Count the lines below that include "longleftrightarrow". Only the number should be given.

Saved entries
━━━━━━━━━━━━━━━━
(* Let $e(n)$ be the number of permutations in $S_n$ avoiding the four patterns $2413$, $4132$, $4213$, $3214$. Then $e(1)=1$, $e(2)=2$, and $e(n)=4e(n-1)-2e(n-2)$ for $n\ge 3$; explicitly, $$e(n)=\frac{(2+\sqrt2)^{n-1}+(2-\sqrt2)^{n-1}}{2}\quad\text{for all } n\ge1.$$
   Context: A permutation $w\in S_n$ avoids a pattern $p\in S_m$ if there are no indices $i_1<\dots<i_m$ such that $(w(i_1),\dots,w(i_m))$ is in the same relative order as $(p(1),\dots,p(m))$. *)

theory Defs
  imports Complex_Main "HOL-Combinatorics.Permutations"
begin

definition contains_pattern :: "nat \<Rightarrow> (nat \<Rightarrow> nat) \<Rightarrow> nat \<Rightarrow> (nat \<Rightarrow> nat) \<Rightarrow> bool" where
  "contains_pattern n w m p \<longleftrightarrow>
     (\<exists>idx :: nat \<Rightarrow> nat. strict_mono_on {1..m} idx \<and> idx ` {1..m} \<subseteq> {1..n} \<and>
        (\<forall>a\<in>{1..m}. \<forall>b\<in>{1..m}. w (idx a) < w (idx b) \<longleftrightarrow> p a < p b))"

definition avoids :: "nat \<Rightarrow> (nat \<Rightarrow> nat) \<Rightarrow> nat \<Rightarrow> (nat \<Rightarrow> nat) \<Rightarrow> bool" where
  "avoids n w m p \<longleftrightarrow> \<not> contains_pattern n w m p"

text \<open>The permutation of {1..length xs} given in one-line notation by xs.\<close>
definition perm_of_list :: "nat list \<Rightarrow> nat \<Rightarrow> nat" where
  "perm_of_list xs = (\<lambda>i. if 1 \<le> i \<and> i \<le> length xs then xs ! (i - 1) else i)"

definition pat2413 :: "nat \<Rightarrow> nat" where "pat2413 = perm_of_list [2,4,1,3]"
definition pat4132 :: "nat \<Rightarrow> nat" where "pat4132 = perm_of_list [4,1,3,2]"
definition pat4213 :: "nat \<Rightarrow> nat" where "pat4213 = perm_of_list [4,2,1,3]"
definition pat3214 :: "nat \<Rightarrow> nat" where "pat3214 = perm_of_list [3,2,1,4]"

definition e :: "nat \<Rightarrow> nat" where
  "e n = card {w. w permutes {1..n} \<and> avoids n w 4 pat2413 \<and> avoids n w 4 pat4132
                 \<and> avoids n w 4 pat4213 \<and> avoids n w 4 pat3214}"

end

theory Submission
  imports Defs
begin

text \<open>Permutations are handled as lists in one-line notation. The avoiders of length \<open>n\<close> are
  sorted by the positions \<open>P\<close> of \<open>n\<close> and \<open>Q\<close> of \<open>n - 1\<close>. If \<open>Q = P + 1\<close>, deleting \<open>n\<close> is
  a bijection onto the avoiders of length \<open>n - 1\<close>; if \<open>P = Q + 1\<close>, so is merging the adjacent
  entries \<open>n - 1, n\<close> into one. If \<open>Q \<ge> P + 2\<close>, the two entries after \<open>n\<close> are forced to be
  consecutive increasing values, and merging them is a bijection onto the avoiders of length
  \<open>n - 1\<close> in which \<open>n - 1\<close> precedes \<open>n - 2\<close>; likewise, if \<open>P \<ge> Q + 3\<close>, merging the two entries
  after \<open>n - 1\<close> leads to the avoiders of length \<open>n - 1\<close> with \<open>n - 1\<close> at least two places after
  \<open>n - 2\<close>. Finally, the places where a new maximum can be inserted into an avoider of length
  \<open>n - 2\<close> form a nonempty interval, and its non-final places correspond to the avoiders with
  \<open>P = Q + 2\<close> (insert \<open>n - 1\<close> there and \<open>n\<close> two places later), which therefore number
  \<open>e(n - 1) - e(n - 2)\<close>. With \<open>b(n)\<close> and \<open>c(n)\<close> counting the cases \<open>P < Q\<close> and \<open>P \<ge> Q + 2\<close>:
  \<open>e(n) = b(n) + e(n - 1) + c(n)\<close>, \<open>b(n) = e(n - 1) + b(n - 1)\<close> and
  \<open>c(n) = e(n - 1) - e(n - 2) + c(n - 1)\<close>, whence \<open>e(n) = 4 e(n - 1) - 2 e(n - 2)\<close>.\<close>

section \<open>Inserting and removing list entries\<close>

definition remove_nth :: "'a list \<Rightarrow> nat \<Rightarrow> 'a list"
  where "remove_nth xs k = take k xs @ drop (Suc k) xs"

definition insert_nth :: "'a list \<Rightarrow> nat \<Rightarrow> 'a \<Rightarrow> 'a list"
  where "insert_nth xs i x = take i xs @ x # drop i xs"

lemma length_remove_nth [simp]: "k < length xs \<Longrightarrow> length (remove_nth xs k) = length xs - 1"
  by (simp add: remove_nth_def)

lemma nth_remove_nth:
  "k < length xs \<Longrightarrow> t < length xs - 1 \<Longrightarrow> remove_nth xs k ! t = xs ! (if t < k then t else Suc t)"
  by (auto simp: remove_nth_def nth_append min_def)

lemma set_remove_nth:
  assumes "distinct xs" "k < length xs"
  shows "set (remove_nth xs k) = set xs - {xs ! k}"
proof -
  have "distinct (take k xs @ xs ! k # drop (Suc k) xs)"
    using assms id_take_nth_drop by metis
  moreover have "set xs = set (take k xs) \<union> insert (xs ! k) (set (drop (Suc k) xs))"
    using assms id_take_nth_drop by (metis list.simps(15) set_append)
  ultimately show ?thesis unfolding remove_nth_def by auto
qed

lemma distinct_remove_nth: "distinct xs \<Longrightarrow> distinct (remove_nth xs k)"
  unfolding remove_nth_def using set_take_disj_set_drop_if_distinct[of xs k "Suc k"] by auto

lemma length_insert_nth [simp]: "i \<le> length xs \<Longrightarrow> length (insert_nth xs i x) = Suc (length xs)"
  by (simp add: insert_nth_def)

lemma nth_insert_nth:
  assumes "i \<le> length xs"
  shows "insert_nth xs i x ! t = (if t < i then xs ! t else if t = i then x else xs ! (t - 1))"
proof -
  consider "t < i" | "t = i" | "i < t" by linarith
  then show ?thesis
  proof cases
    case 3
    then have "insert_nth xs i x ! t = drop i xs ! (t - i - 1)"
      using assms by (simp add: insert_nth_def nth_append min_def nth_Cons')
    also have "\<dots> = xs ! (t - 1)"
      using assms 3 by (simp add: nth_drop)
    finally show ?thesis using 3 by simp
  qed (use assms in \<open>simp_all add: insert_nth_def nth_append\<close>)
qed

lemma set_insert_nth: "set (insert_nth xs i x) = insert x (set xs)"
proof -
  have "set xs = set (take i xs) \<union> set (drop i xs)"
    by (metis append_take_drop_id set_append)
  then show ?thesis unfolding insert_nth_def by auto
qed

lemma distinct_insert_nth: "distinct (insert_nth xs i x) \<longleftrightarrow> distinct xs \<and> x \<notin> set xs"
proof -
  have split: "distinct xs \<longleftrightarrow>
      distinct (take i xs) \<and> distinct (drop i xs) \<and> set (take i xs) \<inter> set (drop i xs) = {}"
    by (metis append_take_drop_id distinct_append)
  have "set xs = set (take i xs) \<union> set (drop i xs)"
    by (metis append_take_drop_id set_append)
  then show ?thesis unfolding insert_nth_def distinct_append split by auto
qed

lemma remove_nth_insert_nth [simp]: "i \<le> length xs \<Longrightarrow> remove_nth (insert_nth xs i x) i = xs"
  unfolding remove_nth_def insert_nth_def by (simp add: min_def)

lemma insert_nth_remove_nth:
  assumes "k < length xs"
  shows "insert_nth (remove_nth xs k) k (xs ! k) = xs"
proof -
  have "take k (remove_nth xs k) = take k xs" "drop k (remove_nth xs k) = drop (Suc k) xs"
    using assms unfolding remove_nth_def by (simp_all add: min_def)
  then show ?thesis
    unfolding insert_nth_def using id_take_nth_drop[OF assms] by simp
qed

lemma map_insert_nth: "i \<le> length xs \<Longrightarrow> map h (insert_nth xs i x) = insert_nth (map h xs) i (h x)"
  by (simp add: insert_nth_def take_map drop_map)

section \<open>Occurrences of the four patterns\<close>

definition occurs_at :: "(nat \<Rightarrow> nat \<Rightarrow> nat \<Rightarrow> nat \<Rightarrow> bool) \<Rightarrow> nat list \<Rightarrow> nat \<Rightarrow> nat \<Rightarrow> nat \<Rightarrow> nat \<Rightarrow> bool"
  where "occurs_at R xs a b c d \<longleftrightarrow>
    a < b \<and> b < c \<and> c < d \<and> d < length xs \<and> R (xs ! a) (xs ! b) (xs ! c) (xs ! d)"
━━━━━━━━━━━━━━━━
§ EXERCISE OUTPUT:
6